───── GIVEN RECORDS
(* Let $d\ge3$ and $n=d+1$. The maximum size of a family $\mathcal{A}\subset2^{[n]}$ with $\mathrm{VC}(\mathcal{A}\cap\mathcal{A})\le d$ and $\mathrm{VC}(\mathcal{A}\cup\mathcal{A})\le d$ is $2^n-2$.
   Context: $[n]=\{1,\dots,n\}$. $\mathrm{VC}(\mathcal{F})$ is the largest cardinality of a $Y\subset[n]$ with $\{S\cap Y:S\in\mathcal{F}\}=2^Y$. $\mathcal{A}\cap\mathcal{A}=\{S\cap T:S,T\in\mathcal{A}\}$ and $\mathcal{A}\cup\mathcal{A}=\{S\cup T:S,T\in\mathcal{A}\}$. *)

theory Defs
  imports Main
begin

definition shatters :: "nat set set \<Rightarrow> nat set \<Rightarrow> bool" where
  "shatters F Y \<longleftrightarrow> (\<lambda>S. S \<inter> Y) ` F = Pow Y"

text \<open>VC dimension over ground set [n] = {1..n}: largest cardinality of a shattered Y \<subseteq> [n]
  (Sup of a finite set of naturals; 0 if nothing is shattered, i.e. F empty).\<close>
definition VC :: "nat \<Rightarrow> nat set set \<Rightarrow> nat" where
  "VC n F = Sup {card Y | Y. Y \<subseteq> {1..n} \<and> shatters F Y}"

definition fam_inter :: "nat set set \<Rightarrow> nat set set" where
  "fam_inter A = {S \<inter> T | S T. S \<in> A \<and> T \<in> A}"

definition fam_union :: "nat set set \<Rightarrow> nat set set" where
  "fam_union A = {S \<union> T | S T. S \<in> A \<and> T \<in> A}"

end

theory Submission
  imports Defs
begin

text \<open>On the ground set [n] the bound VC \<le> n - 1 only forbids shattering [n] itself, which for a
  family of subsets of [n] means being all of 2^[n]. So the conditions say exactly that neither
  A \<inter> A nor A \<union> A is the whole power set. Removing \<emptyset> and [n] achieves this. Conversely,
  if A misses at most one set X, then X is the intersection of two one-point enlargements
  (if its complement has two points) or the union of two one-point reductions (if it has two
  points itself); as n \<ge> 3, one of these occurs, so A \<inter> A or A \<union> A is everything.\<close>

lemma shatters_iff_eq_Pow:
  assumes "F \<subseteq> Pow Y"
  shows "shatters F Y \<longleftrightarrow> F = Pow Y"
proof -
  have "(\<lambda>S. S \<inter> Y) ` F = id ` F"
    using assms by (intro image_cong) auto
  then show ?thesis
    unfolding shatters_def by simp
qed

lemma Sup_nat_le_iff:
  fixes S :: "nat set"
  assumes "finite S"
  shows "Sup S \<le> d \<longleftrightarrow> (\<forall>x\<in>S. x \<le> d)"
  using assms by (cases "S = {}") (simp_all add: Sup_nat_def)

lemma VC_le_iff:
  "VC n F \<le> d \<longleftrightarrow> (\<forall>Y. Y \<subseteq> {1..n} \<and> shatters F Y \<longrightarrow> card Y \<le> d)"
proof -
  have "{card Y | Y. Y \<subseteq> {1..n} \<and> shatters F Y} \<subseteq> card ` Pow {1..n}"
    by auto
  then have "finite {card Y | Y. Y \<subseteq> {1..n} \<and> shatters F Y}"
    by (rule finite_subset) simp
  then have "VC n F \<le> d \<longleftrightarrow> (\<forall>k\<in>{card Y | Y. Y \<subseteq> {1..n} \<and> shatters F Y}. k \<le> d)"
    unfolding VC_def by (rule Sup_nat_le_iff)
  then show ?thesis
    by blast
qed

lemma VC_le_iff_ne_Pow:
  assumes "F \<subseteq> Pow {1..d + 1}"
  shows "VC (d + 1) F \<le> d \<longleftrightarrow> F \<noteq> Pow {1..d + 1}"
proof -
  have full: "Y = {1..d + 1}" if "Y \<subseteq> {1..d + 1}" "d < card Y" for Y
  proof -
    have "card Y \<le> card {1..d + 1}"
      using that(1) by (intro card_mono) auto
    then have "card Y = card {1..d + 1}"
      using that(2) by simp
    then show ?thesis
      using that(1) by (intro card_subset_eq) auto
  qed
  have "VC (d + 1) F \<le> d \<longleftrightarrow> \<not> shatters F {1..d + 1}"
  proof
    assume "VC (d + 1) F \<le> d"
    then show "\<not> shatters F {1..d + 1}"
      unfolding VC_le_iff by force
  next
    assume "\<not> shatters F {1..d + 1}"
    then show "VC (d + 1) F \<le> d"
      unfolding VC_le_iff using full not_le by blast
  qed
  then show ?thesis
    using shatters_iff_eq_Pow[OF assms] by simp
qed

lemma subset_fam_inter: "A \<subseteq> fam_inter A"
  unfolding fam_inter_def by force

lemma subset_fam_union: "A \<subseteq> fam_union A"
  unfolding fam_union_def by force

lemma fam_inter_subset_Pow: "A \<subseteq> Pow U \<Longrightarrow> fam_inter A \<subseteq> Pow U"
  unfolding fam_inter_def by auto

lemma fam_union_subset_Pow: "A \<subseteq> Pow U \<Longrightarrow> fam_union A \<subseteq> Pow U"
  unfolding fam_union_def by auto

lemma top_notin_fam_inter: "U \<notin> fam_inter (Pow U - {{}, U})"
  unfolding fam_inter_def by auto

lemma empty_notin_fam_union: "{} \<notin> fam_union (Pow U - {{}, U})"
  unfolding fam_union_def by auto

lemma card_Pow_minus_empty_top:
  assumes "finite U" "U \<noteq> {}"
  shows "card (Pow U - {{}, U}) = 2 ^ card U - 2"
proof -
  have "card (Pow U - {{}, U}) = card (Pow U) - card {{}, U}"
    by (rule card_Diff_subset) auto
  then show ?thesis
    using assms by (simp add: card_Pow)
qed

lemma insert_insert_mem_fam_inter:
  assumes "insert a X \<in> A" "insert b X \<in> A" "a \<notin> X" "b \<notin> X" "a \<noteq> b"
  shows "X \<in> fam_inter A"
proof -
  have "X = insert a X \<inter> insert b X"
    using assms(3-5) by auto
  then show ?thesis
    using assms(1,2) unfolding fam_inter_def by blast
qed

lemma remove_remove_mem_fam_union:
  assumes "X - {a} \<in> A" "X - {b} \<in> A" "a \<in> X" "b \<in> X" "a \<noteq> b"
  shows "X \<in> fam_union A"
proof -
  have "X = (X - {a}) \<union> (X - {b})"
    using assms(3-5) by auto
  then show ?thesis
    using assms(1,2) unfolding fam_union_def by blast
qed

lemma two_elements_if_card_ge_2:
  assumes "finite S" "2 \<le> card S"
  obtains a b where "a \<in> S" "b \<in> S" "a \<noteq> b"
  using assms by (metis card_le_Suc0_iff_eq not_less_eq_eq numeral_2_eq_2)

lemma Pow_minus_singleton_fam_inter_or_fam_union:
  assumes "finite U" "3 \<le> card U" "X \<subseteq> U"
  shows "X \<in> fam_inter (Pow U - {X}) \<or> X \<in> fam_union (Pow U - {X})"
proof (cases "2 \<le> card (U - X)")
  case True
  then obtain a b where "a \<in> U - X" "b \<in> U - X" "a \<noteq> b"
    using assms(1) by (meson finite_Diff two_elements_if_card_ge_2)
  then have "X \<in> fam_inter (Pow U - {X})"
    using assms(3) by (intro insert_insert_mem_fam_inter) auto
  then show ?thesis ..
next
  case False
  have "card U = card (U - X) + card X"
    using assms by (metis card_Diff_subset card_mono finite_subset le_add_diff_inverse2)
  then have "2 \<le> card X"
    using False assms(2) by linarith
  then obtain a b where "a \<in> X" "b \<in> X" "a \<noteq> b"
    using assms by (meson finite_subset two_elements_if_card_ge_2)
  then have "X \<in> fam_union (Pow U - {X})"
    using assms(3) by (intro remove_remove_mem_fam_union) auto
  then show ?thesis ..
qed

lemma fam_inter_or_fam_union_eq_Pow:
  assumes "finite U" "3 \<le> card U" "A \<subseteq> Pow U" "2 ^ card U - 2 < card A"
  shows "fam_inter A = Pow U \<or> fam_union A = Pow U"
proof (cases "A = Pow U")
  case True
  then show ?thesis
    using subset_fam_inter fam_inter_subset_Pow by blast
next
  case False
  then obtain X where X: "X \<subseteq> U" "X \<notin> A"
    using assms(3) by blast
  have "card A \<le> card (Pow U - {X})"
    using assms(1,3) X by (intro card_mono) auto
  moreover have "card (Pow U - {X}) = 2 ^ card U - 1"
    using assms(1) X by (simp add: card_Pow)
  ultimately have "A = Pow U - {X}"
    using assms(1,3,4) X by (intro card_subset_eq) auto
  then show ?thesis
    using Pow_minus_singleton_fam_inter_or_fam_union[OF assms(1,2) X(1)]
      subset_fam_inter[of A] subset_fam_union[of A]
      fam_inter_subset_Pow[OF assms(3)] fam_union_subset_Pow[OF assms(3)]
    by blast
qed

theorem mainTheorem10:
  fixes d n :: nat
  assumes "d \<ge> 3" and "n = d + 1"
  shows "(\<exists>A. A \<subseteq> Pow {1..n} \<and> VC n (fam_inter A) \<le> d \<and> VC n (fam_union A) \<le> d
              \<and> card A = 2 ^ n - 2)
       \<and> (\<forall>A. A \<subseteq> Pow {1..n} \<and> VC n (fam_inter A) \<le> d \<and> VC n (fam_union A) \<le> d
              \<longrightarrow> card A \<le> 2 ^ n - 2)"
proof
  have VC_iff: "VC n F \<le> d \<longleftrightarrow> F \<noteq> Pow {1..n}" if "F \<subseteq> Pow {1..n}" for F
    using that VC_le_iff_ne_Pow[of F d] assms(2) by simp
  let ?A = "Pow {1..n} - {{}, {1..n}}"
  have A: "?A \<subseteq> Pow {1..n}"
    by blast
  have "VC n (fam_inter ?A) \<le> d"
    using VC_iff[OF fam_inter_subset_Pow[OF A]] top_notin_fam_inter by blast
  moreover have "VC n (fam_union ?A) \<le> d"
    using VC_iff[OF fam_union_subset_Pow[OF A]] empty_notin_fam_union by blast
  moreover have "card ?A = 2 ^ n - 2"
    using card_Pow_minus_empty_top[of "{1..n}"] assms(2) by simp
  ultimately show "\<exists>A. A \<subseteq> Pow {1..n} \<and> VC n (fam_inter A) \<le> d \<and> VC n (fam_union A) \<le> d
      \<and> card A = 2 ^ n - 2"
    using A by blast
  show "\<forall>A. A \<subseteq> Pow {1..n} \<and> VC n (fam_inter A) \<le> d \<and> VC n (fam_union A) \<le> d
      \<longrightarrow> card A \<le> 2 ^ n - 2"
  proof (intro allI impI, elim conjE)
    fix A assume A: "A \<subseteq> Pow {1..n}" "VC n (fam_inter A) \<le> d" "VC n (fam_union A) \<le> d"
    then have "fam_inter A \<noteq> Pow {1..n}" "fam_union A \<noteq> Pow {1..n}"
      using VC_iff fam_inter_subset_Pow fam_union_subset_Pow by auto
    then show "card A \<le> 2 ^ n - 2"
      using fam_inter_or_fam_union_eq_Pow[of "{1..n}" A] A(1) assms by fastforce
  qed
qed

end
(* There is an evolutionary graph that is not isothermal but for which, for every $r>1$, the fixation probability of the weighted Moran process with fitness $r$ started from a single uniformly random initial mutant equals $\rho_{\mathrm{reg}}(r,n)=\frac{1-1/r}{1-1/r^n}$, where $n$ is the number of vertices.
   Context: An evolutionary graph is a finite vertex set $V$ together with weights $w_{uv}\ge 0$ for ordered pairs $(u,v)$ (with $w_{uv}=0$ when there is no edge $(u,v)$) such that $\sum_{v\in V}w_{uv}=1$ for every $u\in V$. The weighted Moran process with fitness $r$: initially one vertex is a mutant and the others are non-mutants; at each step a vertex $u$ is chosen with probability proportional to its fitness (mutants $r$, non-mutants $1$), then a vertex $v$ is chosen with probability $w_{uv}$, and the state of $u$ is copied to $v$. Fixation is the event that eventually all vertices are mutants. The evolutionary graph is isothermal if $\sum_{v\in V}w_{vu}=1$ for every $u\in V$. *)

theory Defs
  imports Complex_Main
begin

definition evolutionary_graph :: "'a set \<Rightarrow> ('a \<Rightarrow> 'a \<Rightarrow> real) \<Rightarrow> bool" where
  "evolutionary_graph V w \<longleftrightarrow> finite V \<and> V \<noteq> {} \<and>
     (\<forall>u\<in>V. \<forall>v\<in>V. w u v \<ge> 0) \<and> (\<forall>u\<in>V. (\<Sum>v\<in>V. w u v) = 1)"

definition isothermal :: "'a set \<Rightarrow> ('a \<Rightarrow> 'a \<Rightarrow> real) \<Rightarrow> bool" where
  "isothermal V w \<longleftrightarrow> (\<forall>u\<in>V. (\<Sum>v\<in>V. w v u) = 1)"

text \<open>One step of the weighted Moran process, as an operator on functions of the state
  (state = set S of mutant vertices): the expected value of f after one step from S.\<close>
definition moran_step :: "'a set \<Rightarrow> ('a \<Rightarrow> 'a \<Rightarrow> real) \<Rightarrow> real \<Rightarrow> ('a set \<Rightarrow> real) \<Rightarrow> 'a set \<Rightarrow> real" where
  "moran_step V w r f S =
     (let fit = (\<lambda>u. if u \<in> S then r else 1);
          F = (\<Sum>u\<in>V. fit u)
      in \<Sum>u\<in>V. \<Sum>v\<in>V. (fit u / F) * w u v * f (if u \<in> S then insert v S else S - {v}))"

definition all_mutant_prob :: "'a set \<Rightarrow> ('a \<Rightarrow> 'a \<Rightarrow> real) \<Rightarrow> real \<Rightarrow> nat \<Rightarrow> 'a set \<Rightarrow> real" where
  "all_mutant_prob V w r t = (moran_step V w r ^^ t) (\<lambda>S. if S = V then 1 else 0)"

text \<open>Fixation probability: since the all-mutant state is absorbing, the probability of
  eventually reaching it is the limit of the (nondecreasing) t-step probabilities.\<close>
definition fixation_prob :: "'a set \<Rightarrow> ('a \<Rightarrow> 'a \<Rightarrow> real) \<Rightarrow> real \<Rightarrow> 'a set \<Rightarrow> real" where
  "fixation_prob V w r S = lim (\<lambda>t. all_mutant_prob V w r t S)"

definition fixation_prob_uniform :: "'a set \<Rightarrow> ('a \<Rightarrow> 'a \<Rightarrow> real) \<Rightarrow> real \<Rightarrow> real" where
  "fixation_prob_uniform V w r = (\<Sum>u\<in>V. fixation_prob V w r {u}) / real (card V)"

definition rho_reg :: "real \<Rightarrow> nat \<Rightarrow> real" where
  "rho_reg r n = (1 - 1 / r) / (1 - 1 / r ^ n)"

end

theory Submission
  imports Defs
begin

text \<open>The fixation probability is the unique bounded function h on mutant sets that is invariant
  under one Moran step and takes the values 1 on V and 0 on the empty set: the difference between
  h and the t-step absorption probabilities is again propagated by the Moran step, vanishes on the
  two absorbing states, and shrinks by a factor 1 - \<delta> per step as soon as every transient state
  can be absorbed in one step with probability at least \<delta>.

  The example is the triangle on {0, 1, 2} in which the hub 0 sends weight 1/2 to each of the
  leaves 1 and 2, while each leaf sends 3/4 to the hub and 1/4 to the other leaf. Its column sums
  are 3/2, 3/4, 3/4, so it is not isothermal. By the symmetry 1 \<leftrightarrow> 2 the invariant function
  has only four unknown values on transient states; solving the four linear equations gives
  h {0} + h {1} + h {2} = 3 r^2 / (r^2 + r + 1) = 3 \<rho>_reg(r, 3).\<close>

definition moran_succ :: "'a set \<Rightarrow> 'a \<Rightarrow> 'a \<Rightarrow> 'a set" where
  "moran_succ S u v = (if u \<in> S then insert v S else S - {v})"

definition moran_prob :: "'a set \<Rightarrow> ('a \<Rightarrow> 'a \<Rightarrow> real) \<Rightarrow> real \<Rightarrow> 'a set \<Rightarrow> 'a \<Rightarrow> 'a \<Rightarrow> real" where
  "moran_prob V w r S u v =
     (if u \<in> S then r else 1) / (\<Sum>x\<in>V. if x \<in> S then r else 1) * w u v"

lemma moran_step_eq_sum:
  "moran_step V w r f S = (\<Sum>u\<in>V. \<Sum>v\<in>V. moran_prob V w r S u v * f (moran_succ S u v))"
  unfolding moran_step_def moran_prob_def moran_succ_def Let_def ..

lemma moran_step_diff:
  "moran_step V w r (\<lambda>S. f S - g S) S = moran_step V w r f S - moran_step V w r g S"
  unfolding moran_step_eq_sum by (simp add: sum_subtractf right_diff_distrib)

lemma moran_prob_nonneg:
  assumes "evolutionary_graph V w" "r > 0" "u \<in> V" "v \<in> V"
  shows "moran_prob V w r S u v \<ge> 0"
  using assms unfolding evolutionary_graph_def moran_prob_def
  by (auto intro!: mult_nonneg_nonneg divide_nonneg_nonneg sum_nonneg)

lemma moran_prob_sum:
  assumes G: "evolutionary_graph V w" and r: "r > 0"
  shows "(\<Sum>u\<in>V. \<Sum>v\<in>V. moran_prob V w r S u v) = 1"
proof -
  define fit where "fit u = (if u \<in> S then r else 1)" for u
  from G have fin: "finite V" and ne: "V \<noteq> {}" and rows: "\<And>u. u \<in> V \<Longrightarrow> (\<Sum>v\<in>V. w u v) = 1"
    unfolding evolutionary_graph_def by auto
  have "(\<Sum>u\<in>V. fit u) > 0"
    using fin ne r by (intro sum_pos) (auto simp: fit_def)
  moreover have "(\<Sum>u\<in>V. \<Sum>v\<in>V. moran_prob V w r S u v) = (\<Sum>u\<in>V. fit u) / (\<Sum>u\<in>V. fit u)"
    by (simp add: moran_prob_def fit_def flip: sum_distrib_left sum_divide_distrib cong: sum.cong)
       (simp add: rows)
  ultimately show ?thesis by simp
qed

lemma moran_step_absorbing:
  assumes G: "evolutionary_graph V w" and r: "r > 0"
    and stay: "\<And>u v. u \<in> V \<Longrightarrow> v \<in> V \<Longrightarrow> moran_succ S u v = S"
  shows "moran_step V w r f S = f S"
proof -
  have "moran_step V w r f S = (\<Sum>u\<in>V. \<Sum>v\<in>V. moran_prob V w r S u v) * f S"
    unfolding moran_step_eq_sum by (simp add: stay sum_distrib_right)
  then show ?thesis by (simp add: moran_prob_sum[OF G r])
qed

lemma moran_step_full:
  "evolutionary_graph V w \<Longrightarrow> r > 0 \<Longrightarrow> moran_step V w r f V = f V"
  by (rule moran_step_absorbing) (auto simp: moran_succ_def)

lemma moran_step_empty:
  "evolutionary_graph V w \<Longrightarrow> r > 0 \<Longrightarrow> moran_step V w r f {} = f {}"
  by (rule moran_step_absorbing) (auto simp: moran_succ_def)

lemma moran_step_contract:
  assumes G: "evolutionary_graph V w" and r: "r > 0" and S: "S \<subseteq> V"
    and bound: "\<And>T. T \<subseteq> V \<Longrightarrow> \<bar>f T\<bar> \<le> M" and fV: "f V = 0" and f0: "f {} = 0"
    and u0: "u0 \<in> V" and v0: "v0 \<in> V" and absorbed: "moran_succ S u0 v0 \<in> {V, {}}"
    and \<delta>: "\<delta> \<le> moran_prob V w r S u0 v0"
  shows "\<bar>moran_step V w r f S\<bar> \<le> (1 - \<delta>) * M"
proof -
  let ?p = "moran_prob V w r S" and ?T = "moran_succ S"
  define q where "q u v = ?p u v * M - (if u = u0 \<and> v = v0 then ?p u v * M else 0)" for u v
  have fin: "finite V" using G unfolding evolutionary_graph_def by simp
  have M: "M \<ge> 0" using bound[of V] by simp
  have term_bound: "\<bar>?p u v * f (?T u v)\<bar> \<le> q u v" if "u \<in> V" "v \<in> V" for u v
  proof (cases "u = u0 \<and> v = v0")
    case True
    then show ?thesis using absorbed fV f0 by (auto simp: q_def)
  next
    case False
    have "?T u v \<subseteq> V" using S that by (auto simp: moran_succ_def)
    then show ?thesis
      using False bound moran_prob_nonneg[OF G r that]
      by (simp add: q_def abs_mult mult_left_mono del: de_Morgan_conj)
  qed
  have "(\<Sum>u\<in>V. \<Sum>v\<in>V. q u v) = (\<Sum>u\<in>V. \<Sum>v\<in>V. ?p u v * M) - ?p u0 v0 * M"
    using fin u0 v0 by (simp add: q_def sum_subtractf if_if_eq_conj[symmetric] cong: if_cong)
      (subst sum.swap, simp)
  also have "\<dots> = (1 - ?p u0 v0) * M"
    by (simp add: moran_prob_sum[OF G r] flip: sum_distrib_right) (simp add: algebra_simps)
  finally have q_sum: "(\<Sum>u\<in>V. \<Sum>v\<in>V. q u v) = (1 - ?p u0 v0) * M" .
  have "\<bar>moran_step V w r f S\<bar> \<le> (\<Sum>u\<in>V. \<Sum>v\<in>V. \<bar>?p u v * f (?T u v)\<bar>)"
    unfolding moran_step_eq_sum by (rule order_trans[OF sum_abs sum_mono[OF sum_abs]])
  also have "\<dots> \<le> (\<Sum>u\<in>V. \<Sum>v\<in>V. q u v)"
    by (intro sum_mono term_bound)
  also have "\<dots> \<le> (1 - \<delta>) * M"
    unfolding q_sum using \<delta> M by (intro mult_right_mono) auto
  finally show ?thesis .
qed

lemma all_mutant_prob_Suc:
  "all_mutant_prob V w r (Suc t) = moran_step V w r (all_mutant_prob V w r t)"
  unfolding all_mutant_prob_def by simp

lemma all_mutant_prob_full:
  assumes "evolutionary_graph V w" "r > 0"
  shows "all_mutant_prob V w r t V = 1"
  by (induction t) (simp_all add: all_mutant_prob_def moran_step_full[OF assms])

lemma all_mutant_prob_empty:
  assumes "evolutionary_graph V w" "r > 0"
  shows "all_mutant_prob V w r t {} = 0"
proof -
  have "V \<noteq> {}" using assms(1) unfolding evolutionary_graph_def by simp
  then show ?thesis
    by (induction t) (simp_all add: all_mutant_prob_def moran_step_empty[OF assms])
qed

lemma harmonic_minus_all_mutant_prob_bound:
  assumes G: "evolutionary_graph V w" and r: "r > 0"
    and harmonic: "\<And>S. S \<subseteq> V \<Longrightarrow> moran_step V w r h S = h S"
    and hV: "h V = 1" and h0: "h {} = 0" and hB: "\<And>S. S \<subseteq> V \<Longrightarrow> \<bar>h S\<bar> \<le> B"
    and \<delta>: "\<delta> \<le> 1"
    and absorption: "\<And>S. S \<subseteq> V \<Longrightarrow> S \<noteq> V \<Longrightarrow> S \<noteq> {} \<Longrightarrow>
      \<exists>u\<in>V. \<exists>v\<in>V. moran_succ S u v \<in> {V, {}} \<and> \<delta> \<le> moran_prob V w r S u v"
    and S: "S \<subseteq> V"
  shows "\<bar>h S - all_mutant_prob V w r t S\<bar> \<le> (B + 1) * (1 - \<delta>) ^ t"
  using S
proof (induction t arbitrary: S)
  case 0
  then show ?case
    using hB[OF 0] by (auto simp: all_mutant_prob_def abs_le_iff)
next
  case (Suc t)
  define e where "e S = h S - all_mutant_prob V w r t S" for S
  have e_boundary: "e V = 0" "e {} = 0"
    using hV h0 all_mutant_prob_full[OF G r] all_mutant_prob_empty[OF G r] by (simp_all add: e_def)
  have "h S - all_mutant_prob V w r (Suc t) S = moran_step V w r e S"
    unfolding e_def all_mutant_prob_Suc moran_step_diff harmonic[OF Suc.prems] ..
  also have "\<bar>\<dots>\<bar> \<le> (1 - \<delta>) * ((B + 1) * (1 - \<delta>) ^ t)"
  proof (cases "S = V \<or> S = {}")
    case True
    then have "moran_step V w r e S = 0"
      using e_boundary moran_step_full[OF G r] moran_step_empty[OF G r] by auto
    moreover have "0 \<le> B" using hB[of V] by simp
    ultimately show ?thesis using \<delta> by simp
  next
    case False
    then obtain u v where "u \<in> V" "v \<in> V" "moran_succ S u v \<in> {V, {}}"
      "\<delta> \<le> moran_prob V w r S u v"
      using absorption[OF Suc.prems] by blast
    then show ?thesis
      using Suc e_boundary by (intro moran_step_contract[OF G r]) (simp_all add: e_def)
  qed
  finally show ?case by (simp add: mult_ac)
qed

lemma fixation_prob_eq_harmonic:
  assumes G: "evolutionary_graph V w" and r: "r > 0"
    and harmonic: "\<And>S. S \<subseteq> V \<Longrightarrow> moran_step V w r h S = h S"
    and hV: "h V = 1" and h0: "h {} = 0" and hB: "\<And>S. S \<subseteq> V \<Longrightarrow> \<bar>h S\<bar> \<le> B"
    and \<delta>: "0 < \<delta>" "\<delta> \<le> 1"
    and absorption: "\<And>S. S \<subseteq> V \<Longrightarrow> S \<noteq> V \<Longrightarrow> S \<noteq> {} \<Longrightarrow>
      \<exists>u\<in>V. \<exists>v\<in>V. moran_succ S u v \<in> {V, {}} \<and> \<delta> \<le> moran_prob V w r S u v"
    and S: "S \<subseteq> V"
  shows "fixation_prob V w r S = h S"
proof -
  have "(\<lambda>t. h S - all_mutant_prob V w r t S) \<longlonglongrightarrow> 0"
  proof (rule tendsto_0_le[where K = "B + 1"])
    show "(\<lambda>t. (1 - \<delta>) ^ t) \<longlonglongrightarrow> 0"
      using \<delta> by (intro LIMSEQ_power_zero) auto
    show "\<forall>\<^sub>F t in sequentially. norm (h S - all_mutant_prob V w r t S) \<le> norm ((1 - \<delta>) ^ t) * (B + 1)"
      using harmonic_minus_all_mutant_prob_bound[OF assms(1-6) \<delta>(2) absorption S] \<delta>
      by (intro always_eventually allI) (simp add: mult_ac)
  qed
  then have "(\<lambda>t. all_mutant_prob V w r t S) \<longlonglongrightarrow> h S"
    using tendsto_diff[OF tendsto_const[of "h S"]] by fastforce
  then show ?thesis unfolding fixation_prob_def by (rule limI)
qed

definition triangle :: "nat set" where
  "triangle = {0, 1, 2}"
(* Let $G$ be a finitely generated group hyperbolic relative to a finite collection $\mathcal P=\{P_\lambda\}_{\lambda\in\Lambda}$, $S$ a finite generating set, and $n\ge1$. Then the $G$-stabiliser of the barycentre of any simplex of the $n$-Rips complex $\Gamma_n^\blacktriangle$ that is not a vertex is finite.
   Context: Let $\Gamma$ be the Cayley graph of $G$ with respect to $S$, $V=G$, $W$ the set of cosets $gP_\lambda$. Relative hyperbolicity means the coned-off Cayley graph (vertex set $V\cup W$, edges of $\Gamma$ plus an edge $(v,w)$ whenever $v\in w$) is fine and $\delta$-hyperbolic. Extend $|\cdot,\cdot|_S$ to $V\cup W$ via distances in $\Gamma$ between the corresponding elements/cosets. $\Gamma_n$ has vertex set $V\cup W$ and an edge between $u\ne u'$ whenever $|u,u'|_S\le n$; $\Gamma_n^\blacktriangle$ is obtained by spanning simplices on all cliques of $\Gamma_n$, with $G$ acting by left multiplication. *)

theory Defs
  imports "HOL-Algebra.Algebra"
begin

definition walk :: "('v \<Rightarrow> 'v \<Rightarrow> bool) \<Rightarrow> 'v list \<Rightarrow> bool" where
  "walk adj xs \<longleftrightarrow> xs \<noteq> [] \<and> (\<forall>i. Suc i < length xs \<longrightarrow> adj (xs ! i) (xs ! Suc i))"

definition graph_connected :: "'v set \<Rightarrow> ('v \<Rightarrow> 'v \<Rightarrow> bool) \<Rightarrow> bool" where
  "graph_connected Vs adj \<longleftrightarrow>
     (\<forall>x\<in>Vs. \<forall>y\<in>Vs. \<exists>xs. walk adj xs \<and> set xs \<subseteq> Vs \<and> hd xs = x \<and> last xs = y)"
──────────
# WHAT THE TASK REQUIRES
For each line in the entries that contains the string "also", make a copy.

# WRITTEN SOLUTION
  also have "\<dots> = (1 - ?p u0 v0) * M"
  also have "\<dots> \<le> (\<Sum>u\<in>V. \<Sum>v\<in>V. q u v)"
  also have "\<dots> \<le> (1 - \<delta>) * M"
  also have "\<bar>\<dots>\<bar> \<le> (1 - \<delta>) * ((B + 1) * (1 - \<delta>) ^ t)"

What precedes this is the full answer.